Phenomenally well written and researched, an emotional rollercoaster from start to finish. I'm not far from the end and I'm just blown away.

Re: The Literature Thread

Posted: Thu Aug 17, 2023 8:53 am
by Oblomov Boblomov
more heat than light wrote:Image

I was a bit worried after reading Nagamatsu novel above that I'd be a bit 'short storied out' going into this. I needn't have worried. This was an utterly fantastic collection of sci-fi tales. Diverse in scope but all brilliantly realised, and beautifully written too. I have to give a special mention to the last story, 'Anxiety Is The Dizziness Of Freedom', which is one of the finest things I've ever read. Essential.

10/10

EDIT - For anyone curious, the shortest story in this collection 'What's Expected Of Us' (it's really short) is available to read free here.
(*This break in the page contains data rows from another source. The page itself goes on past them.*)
subsection \<open>Supports of the random choices\<close>

lemma set_pmf_walk_step:
  assumes "G!u \<noteq> []"
  shows "set_pmf (walk_step G u) = set (G!u)"
proof -
  have "set_pmf (pmf_of_set {..<length (G!u)}) = {..<length (G!u)}"
    using assms by (intro set_pmf_of_set) auto
  then show ?thesis by (auto simp: walk_step_def set_conv_nth)
qed

lemma walk_end_depth_le:
  assumes "is_webgraph d G" "0 < d" "u < length G" "t \<in> set_pmf (walk_end G u X)"
  shows "t < length G \<and> depth G t \<le> X + depth G u"
  using assms(3,4)
proof (induction X arbitrary: u)
  case (Suc k)
  have "G!u \<noteq> []" using assms(1,2) Suc.prems by (auto simp: is_webgraph_def)
  with Suc.prems obtain w where w: "w \<in> set (G!u)" and t: "t \<in> set_pmf (walk_end G w k)"
    by (auto simp: set_pmf_walk_step)
  have "w < length G" using w assms(1) Suc.prems by (auto simp: is_webgraph_def)
  with Suc.IH t have IH: "t < length G" "depth G t \<le> k + depth G w" by auto
  have "(w, u) \<in> uedges G" using w \<open>w < length G\<close> Suc.prems by (auto simp: uedges_def)
  then have "(w, 0) \<in> uedges G ^^ Suc (depth G u)"
    using depth_relpow[OF assms(1,2) Suc.prems(1)] by (rule relpow_Suc_I2)
  then have "depth G w \<le> Suc (depth G u)" by (rule udist_le)
  with IH show ?case by simp
qed simp

lemma set_pmf_surfer_target:
  assumes "is_webgraph d G" "0 < d" "x \<in> set_pmf (surfer_target p G)"
  shows "x < length G"
proof -
  have "0 < length G" using assms(1) unfolding is_webgraph_def by linarith
  then have "{..<length G} \<noteq> {}" by auto
  with assms(3) obtain u X where "u < length G" "x \<in> set_pmf (walk_end G u X)"
    by (auto simp: surfer_target_def)
  then show ?thesis using walk_end_depth_le[OF assms(1,2)] by blast
qed

lemma set_pmf_iid_list: "es \<in> set_pmf (iid_list k D) \<Longrightarrow> length es = k \<and> set es \<subseteq> set_pmf D"
  by (induction k arbitrary: es) fastforce+

lemma is_webgraph_append:
  assumes "is_webgraph d G" "length es = d" "\<And>x. x \<in> set es \<Longrightarrow> x < length G"
  shows "is_webgraph d (G @ [es])"
  unfolding is_webgraph_def
proof (intro conjI allI impI)
  fix v assume v: "v < length (G @ [es])"
  show "length ((G @ [es]) ! v) = d"
    using assms v by (cases "v < length G") (auto simp: is_webgraph_def nth_append)
  show "\<forall>w\<in>set ((G @ [es]) ! v). w < length (G @ [es]) \<and> (0 < v \<longrightarrow> w < v)"
  proof (cases "v < length G")
    case True
    with assms(1) have "\<forall>w\<in>set (G ! v). w < length G \<and> (0 < v \<longrightarrow> w < v)"
      unfolding is_webgraph_def by blast
    with True show ?thesis by (auto simp: nth_append)
  next
    case False
    with v have "v = length G" by simp
    then show ?thesis by (auto simp: nth_append dest!: assms(3))
  qed
qed simp

lemma is_webgraph_webgraph_steps:
  assumes "0 < d" "G \<in> set_pmf (webgraph_steps d p s)"
  shows "is_webgraph d G \<and> length G = Suc s"
  using assms(2)
proof (induction s arbitrary: G)
  case 0
  then show ?case by (auto simp: is_webgraph_def)
next
  case (Suc s)
  then obtain H es where H: "H \<in> set_pmf (webgraph_steps d p s)"
    and es: "es \<in> set_pmf (iid_list d (surfer_target p H))" and G: "G = H @ [es]" by auto
  from Suc.IH[OF H] have "is_webgraph d H" "length H = Suc s" by auto
  with set_pmf_iid_list[OF es] set_pmf_surfer_target[OF _ assms(1)] show ?case
    unfolding G by (auto intro!: is_webgraph_append)
qed

subsection \<open>The potential\<close>

definition root_potential :: "real \<Rightarrow> nat list list \<Rightarrow> real" where
  "root_potential z G = (\<Sum>v<length G. z ^ depth G v)"

lemma root_potential_nonneg: "0 \<le> z \<Longrightarrow> 0 \<le> root_potential z G"
  by (auto simp: root_potential_def intro!: sum_nonneg)

lemma root_potential_append_le:
  assumes "is_webgraph d G" "0 < d" "1 \<le> z" "es \<noteq> []" "es!0 < length G"
  shows "root_potential z (G @ [es]) \<le> root_potential z G + z * z ^ depth G (es!0)"
proof -
  have "(\<Sum>v<length G. z ^ depth (G @ [es]) v) \<le> root_potential z G"
    unfolding root_potential_def using depth_append_le[OF assms(1,2)] assms(3)
    by (intro sum_mono power_increasing) auto
  moreover have "z ^ depth (G @ [es]) (length G) \<le> z ^ Suc (depth G (es!0))"
    using depth_append_new_le[OF assms(1,2,4,5)] assms(3) by (intro power_increasing) auto
  ultimately show ?thesis by (simp add: root_potential_def)
qed

lemma nn_integral_iid_list_hd:
  "(\<integral>\<^sup>+es. f (es!0) \<partial>measure_pmf (iid_list (Suc k) D)) = (\<integral>\<^sup>+x. f x \<partial>measure_pmf D)"
  by (simp add: measure_pmf.emeasure_space_1)

lemma geometric_pmf_moment:
  assumes "0 < p" "p \<le> 1" "0 \<le> z" "(1 - p) * z < 1"
  shows "(\<integral>\<^sup>+X. ennreal (z ^ X) \<partial>measure_pmf (geometric_pmf p)) = ennreal (p / (1 - (1 - p) * z))"
proof -
  have "(\<lambda>X. p * ((1 - p) * z) ^ X) sums (p * (1 / (1 - (1 - p) * z)))"
    using assms by (intro sums_mult geometric_sums) simp
  then have sums: "(\<lambda>X. (1 - p) ^ X * p * z ^ X) sums (p / (1 - (1 - p) * z))"
    by (simp add: power_mult_distrib mult_ac)
  have "(\<integral>\<^sup>+X. ennreal (z ^ X) \<partial>measure_pmf (geometric_pmf p)) =
        (\<Sum>X. ennreal ((1 - p) ^ X * p * z ^ X))"
    using assms by (simp add: nn_integral_measure_pmf nn_integral_count_space_nat ennreal_mult
        mult_ac)
  also have "\<dots> = ennreal (p / (1 - (1 - p) * z))"
    using sums assms by (intro suminf_ennreal_eq) auto
  finally show ?thesis .
qed

lemma nn_integral_walk_end_le:
  assumes "is_webgraph d G" "0 < d" "u < length G" "1 \<le> z"
  shows "(\<integral>\<^sup>+t. ennreal (z ^ depth G t) \<partial>measure_pmf (walk_end G u X))
           \<le> ennreal (z ^ depth G u) * ennreal (z ^ X)"
proof -
  have "ennreal (z ^ depth G t) \<le> ennreal (z ^ depth G u) * ennreal (z ^ X)"
    if "t \<in> set_pmf (walk_end G u X)" for t
  proof -
    have "depth G t \<le> X + depth G u" using walk_end_depth_le[OF assms(1-3) that] by simp
    then have "z ^ depth G t \<le> z ^ (X + depth G u)" using assms(4) by (intro power_increasing) auto
    then have "ennreal (z ^ depth G t) \<le> ennreal (z ^ depth G u * z ^ X)"
      by (intro ennreal_leI) (simp add: power_add mult_ac)
    then show ?thesis using assms(4) by (simp add: ennreal_mult)
  qed
  then have "(\<integral>\<^sup>+t. ennreal (z ^ depth G t) \<partial>measure_pmf (walk_end G u X))
      \<le> (\<integral>\<^sup>+t. ennreal (z ^ depth G u) * ennreal (z ^ X) \<partial>measure_pmf (walk_end G u X))"
    by (intro nn_integral_mono_AE) (auto simp: AE_measure_pmf_iff)
  then show ?thesis by (simp add: measure_pmf.emeasure_space_1)
qed

lemma surfer_target_moment:
  assumes G: "is_webgraph d G" "0 < d" and p: "0 < p" "p \<le> 1" and z: "1 \<le> z" "(1 - p) * z < 1"
  shows "(\<integral>\<^sup>+x. ennreal (z ^ depth G x) \<partial>measure_pmf (surfer_target p G))
          \<le> ennreal (p / (1 - (1 - p) * z) / length G * root_potential z G)"
proof -
  let ?n = "length G" and ?m = "p / (1 - (1 - p) * z)"
  have "0 < ?n" using G(1) unfolding is_webgraph_def by linarith
  then have ne: "{..<?n} \<noteq> {}" by auto
  have m: "0 \<le> ?m" using p z by simp
  have terms: "0 \<le> ?m * z ^ depth G u" for u
    using m z by (intro mult_nonneg_nonneg zero_le_power) auto
  have walk: "(\<integral>\<^sup>+X. \<integral>\<^sup>+t. ennreal (z ^ depth G t) \<partial>measure_pmf (walk_end G u X)
      \<partial>measure_pmf (geometric_pmf p)) \<le> ennreal (?m * z ^ depth G u)" if "u < ?n" for u
  proof -
    have "(\<integral>\<^sup>+X. \<integral>\<^sup>+t. ennreal (z ^ depth G t) \<partial>measure_pmf (walk_end G u X)
        \<partial>measure_pmf (geometric_pmf p))
        \<le> (\<integral>\<^sup>+X. ennreal (z ^ depth G u) * ennreal (z ^ X) \<partial>measure_pmf (geometric_pmf p))"
      by (intro nn_integral_mono nn_integral_walk_end_le[OF G that z(1)])
    also have "\<dots> = ennreal (z ^ depth G u) * ennreal ?m"
      using geometric_pmf_moment[OF p _ z(2)] z(1) by (simp add: nn_integral_cmult)
    also have "\<dots> = ennreal (?m * z ^ depth G u)"
      using m z by (subst ennreal_mult[symmetric]) (auto simp: mult.commute)
    finally show ?thesis .
  qed
  have "(\<integral>\<^sup>+x. ennreal (z ^ depth G x) \<partial>measure_pmf (surfer_target p G))
      = (\<integral>\<^sup>+u. (\<integral>\<^sup>+X. \<integral>\<^sup>+t. ennreal (z ^ depth G t) \<partial>measure_pmf (walk_end G u X)
           \<partial>measure_pmf (geometric_pmf p)) \<partial>measure_pmf (pmf_of_set {..<?n}))"
    by (simp add: surfer_target_def)
  also have "\<dots> \<le> (\<integral>\<^sup>+u. ennreal (?m * z ^ depth G u) \<partial>measure_pmf (pmf_of_set {..<?n}))"
    using walk ne by (intro nn_integral_mono_AE) (auto simp: AE_measure_pmf_iff)
  also have "\<dots> = (\<Sum>u<?n. ennreal (?m * z ^ depth G u)) / ?n"
    using ne by (simp add: nn_integral_pmf_of_set)
  also have "\<dots> = ennreal ((\<Sum>u<?n. ?m * z ^ depth G u) / ?n)"
  proof -
    have "0 \<le> (\<Sum>u<?n. ?m * z ^ depth G u)" using terms by (intro sum_nonneg)
    moreover have "(\<Sum>u<?n. ennreal (?m * z ^ depth G u)) = ennreal (\<Sum>u<?n. ?m * z ^ depth G u)"
      using terms by (intro sum_ennreal)
    ultimately show ?thesis using \<open>0 < ?n\<close>
      by (simp only: ennreal_of_nat_eq_real_of_nat divide_ennreal of_nat_0_less_iff)
  qed
  also have "\<dots> = ennreal (?m / ?n * root_potential z G)"
    by (simp add: root_potential_def sum_distrib_left sum_divide_distrib)
  finally show ?thesis .
qed

lemma nn_integral_root_potential_append:
  assumes G: "is_webgraph d G" "0 < d" and p: "0 < p" "p \<le> 1" and z: "1 \<le> z" "(1 - p) * z < 1"
  shows "(\<integral>\<^sup>+es. ennreal (root_potential z (G @ [es])) \<partial>measure_pmf (iid_list d (surfer_target p G)))
          \<le> ennreal ((1 + z * (p / (1 - (1 - p) * z)) / length G) * root_potential z G)"
proof -
  let ?\<Phi> = "root_potential z G" and ?m = "p / (1 - (1 - p) * z)"
  let ?E = "iid_list d (surfer_target p G)"
  obtain k where k: "d = Suc k" using G(2) by (cases d) auto
  have \<Phi>: "0 \<le> ?\<Phi>" using z by (simp add: root_potential_nonneg)
  have m: "0 \<le> ?m / length G * ?\<Phi>" using p z \<Phi> by simp
  have zm: "0 \<le> z * (?m / length G * ?\<Phi>)" using z by (intro mult_nonneg_nonneg[OF _ m]) simp
  have "(\<integral>\<^sup>+es. ennreal (root_potential z (G @ [es])) \<partial>measure_pmf ?E)
     \<le> (\<integral>\<^sup>+es. ennreal ?\<Phi> + ennreal z * ennreal (z ^ depth G (es!0)) \<partial>measure_pmf ?E)"
  proof (intro nn_integral_mono_AE, unfold AE_measure_pmf_iff, intro ballI)
    fix es assume "es \<in> set_pmf ?E"
    then have "length es = d" "set es \<subseteq> set_pmf (surfer_target p G)"
      by (auto dest: set_pmf_iid_list)
    then have "es \<noteq> []" "es!0 \<in> set_pmf (surfer_target p G)"
      using G(2) nth_mem[of 0 es] by auto
    with set_pmf_surfer_target[OF G] have "es!0 < length G" by blast
    from root_potential_append_le[OF G z(1) \<open>es \<noteq> []\<close> this] \<Phi> z
    show "ennreal (root_potential z (G @ [es])) \<le> ennreal ?\<Phi> + ennreal z * ennreal (z ^ depth G (es!0))"
      by (simp add: ennreal_mult'[symmetric] ennreal_plus[symmetric] del: ennreal_plus)
  qed
  also have "\<dots> = ennreal ?\<Phi> + ennreal z * (\<integral>\<^sup>+es. ennreal (z ^ depth G (es!0)) \<partial>measure_pmf ?E)"
    by (simp add: nn_integral_add nn_integral_cmult measure_pmf.emeasure_space_1)
  also have "\<dots> = ennreal ?\<Phi> + ennreal z * (\<integral>\<^sup>+x. ennreal (z ^ depth G x) \<partial>measure_pmf (surfer_target p G))"
    unfolding k using nn_integral_iid_list_hd[where f = "\<lambda>x. ennreal (z ^ depth G x)"] by simp
  also have "\<dots> \<le> ennreal ?\<Phi> + ennreal z * ennreal (?m / length G * ?\<Phi>)"
    by (intro add_mono mult_left_mono surfer_target_moment[OF G p z]) auto
  also have "\<dots> = ennreal (?\<Phi> + z * (?m / length G * ?\<Phi>))"
    using \<Phi> m zm z
    by (simp only: ennreal_mult[symmetric] ennreal_plus[symmetric] order_trans[OF zero_le_one])
  also have "?\<Phi> + z * (?m / length G * ?\<Phi>) = (1 + z * ?m / length G) * ?\<Phi>"
    by (simp add: algebra_simps)
  finally show ?thesis .
qed

lemma nn_integral_root_potential_webgraph_steps_Suc:
  assumes "0 < d" "0 < p" "p \<le> 1"
  defines "z \<equiv> 2 / (2 - p)"
  shows "(\<integral>\<^sup>+G. ennreal (root_potential z G) \<partial>measure_pmf (webgraph_steps d p (Suc s)))
    \<le> ennreal (1 + 2 / (real s + 1)) *
      (\<integral>\<^sup>+G. ennreal (root_potential z G) \<partial>measure_pmf (webgraph_steps d p s))"
proof -
  have "1 - (1 - p) * z = p / (2 - p)" using assms(3) by (simp add: z_def field_simps)
  then have z: "1 \<le> z" "(1 - p) * z < 1" "z * (p / (1 - (1 - p) * z)) = 2"
    using assms(2,3) by (auto simp: z_def field_simps)
  have "(\<integral>\<^sup>+G. ennreal (root_potential z G) \<partial>measure_pmf (webgraph_steps d p (Suc s)))
      = (\<integral>\<^sup>+H. (\<integral>\<^sup>+es. ennreal (root_potential z (H @ [es]))
          \<partial>measure_pmf (iid_list d (surfer_target p H))) \<partial>measure_pmf (webgraph_steps d p s))"
    by simp
  also have "\<dots> \<le> (\<integral>\<^sup>+H. ennreal ((1 + 2 / (real s + 1)) * root_potential z H)
      \<partial>measure_pmf (webgraph_steps d p s))"
  proof (intro nn_integral_mono_AE, unfold AE_measure_pmf_iff, intro ballI)
    fix H assume "H \<in> set_pmf (webgraph_steps d p s)"
    with is_webgraph_webgraph_steps[OF assms(1)] have "is_webgraph d H" "length H = Suc s" by auto
    from nn_integral_root_potential_append[OF this(1) assms(1-3) z(1,2)] this(2)
    show "(\<integral>\<^sup>+es. ennreal (root_potential z (H @ [es])) \<partial>measure_pmf (iid_list d (surfer_target p H)))
        \<le> ennreal ((1 + 2 / (real s + 1)) * root_potential z H)"
      unfolding z(3) by (simp add: add.commute)
  qed
  also have "\<dots> = ennreal (1 + 2 / (real s + 1)) *
      (\<integral>\<^sup>+H. ennreal (root_potential z H) \<partial>measure_pmf (webgraph_steps d p s))"
    using z(1) by (simp add: ennreal_mult nn_integral_cmult root_potential_nonneg)
  finally show ?thesis .
qed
https://www.nature.com/articles/436150a


Enjoyed that, so have just ordered the book on Amazon.

Is there a story about a dystopian consumerist future where you can order something on a device that knows more about you than you know yourself, and have a group of overworked, underpaid humans scramble to deliver it to you on the same day? :slol:

Re: The Literature Thread

Posted: Thu Aug 17, 2023 9:10 am
by more heat than light
Oblomov Boblomov wrote:Enjoyed that, so have just ordered the book on Amazon.

Is there a story about a dystopian consumerist future where you can order something on a device that knows more about you than you know yourself, and have a group of overworked, underpaid humans scramble to deliver it to you on the same day? :slol:


:lol:

Funnily enough I'm about to have a similar group of humans deliver that Gabrielle Zevin novel recommended earlier in the thread. Hope you love the Chiang book as much as I did.

Re: The Literature Thread

Posted: Thu Aug 17, 2023 10:24 am
by ITSMILNER
Out of interest, how do you all read books, physical copies or do you tend to go for ebooks/audio?